- DIRECTIONS:
Please reproduce each line of the data below exactly as shown.

- PROVIDED INFORMATION:
(* Let $(\mathbb{E}_{s,t}[\cdot])_{0\le s\le t<\infty}$ be an $\mathcal{F}_t$-consistent pricing mechanism (satisfying (A1)–(A4) below). Let $0\le t_0<t_1<\cdots<t_N$ and $K_t=\sum_{i=0}^{N-1}\xi_i1_{[t_i,t_{i+1})}(t)$ with $\xi_i\in L^2(\mathcal{F}_{t_i})$. For $0\le i\le N-1$, $t_i\le s\le t\le t_{i+1}$ and $X\in L^2(\mathcal{F}_t)$, define $\mathbb{E}^i_{s,t}[X;K]:=\mathbb{E}_{s,t}[X+K_t-K_s]$. Then for each $i=0,1,\dots,N-1$, the family $(\mathbb{E}^i_{s,t}[\cdot;K])_{t_i\le s\le t\le t_{i+1}}$ is an $\mathcal{F}_t$-consistent pricing mechanism on $[t_i,t_{i+1}]$.
   Context: $(\Omega,\mathcal{F},P)$ carries a $d$-dimensional Brownian motion $B$, $\mathcal{F}_t=\sigma\{B_s:s\le t\}$; $L^2(\mathcal{F}_t)$: real square-integrable $\mathcal{F}_t$-measurable random variables. A family of operators $\mathbb{E}_{s,t}:L^2(\mathcal{F}_t)\to L^2(\mathcal{F}_s)$, $T_0\le s\le t\le T_1$, is an $\mathcal{F}_t$-consistent pricing mechanism on $[T_0,T_1]$ if for all $T_0\le s\le t\le T_1$ and $X,X'\in L^2(\mathcal{F}_t)$: (A1) $X\ge X'$ a.s. implies $\mathbb{E}_{s,t}[X]\ge\mathbb{E}_{s,t}[X']$ a.s.; (A2) $\mathbb{E}_{t,t}[X]=X$; (A3) $\mathbb{E}_{r,s}[\mathbb{E}_{s,t}[X]]=\mathbb{E}_{r,t}[X]$ for $T_0\le r\le s$; (A4) $1_A\mathbb{E}_{s,t}[X]=1_A\mathbb{E}_{s,t}[1_AX]$ a.s. for all $A\in\mathcal{F}_s$. *)

theory Defs
  imports "HOL-Probability.Probability"
begin

text \<open>Natural filtration of a process B: F_t = sigma{B_r : 0 <= r <= t}, as a measure
  on the sample space of M (sigma-algebra only matters).\<close>
definition nat_filtration :: "'a measure \<Rightarrow> (real \<Rightarrow> 'a \<Rightarrow> 'b::topological_space) \<Rightarrow> real \<Rightarrow> 'a measure" where
  "nat_filtration M B t =
     sigma (space M) {B r -` A \<inter> space M | r A. 0 \<le> r \<and> r \<le> t \<and> A \<in> sets borel}"

definition brownian_motion :: "'a measure \<Rightarrow> (real \<Rightarrow> 'a \<Rightarrow> real ^ 'd) \<Rightarrow> bool" where
  "brownian_motion M B \<longleftrightarrow>
     prob_space M \<and>
     (\<forall>t\<ge>0. B t \<in> borel_measurable M) \<and>
     (AE \<omega> in M. B 0 \<omega> = 0) \<and>
     (AE \<omega> in M. continuous_on {0..} (\<lambda>t. B t \<omega>)) \<and>
     (\<forall>s t. 0 \<le> s \<and> s < t \<longrightarrow>
        distributed M lborel (\<lambda>\<omega>. B t \<omega> - B s \<omega>)
          (\<lambda>x. ennreal (\<Prod>j\<in>UNIV. normal_density 0 (sqrt (t - s)) (x $ j))) \<and>
        (\<forall>A \<in> sets (nat_filtration M B s). \<forall>C \<in> sets (borel :: (real ^ 'd) measure).
           measure M (A \<inter> ((\<lambda>\<omega>. B t \<omega> - B s \<omega>) -` C \<inter> space M))
             = measure M A * measure M ((\<lambda>\<omega>. B t \<omega> - B s \<omega>) -` C \<inter> space M)))"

- RESULT OF THIS EXERCISE:
(* Let $(\mathbb{E}_{s,t}[\cdot])_{0\le s\le t<\infty}$ be an $\mathcal{F}_t$-consistent pricing mechanism (satisfying (A1)–(A4) below). Let $0\le t_0<t_1<\cdots<t_N$ and $K_t=\sum_{i=0}^{N-1}\xi_i1_{[t_i,t_{i+1})}(t)$ with $\xi_i\in L^2(\mathcal{F}_{t_i})$. For $0\le i\le N-1$, $t_i\le s\le t\le t_{i+1}$ and $X\in L^2(\mathcal{F}_t)$, define $\mathbb{E}^i_{s,t}[X;K]:=\mathbb{E}_{s,t}[X+K_t-K_s]$. Then for each $i=0,1,\dots,N-1$, the family $(\mathbb{E}^i_{s,t}[\cdot;K])_{t_i\le s\le t\le t_{i+1}}$ is an $\mathcal{F}_t$-consistent pricing mechanism on $[t_i,t_{i+1}]$.
   Context: $(\Omega,\mathcal{F},P)$ carries a $d$-dimensional Brownian motion $B$, $\mathcal{F}_t=\sigma\{B_s:s\le t\}$; $L^2(\mathcal{F}_t)$: real square-integrable $\mathcal{F}_t$-measurable random variables. A family of operators $\mathbb{E}_{s,t}:L^2(\mathcal{F}_t)\to L^2(\mathcal{F}_s)$, $T_0\le s\le t\le T_1$, is an $\mathcal{F}_t$-consistent pricing mechanism on $[T_0,T_1]$ if for all $T_0\le s\le t\le T_1$ and $X,X'\in L^2(\mathcal{F}_t)$: (A1) $X\ge X'$ a.s. implies $\mathbb{E}_{s,t}[X]\ge\mathbb{E}_{s,t}[X']$ a.s.; (A2) $\mathbb{E}_{t,t}[X]=X$; (A3) $\mathbb{E}_{r,s}[\mathbb{E}_{s,t}[X]]=\mathbb{E}_{r,t}[X]$ for $T_0\le r\le s$; (A4) $1_A\mathbb{E}_{s,t}[X]=1_A\mathbb{E}_{s,t}[1_AX]$ a.s. for all $A\in\mathcal{F}_s$. *)

theory Defs
  imports "HOL-Probability.Probability"
begin

text \<open>Natural filtration of a process B: F_t = sigma{B_r : 0 <= r <= t}, as a measure
  on the sample space of M (sigma-algebra only matters).\<close>
definition nat_filtration :: "'a measure \<Rightarrow> (real \<Rightarrow> 'a \<Rightarrow> 'b::topological_space) \<Rightarrow> real \<Rightarrow> 'a measure" where
  "nat_filtration M B t =
     sigma (space M) {B r -` A \<inter> space M | r A. 0 \<le> r \<and> r \<le> t \<and> A \<in> sets borel}"

definition brownian_motion :: "'a measure \<Rightarrow> (real \<Rightarrow> 'a \<Rightarrow> real ^ 'd) \<Rightarrow> bool" where
  "brownian_motion M B \<longleftrightarrow>
     prob_space M \<and>
     (\<forall>t\<ge>0. B t \<in> borel_measurable M) \<and>
     (AE \<omega> in M. B 0 \<omega> = 0) \<and>
     (AE \<omega> in M. continuous_on {0..} (\<lambda>t. B t \<omega>)) \<and>
     (\<forall>s t. 0 \<le> s \<and> s < t \<longrightarrow>
        distributed M lborel (\<lambda>\<omega>. B t \<omega> - B s \<omega>)
          (\<lambda>x. ennreal (\<Prod>j\<in>UNIV. normal_density 0 (sqrt (t - s)) (x $ j))) \<and>
        (\<forall>A \<in> sets (nat_filtration M B s). \<forall>C \<in> sets (borel :: (real ^ 'd) measure).
           measure M (A \<inter> ((\<lambda>\<omega>. B t \<omega> - B s \<omega>) -` C \<inter> space M))
             = measure M A * measure M ((\<lambda>\<omega>. B t \<omega> - B s \<omega>) -` C \<inter> space M)))"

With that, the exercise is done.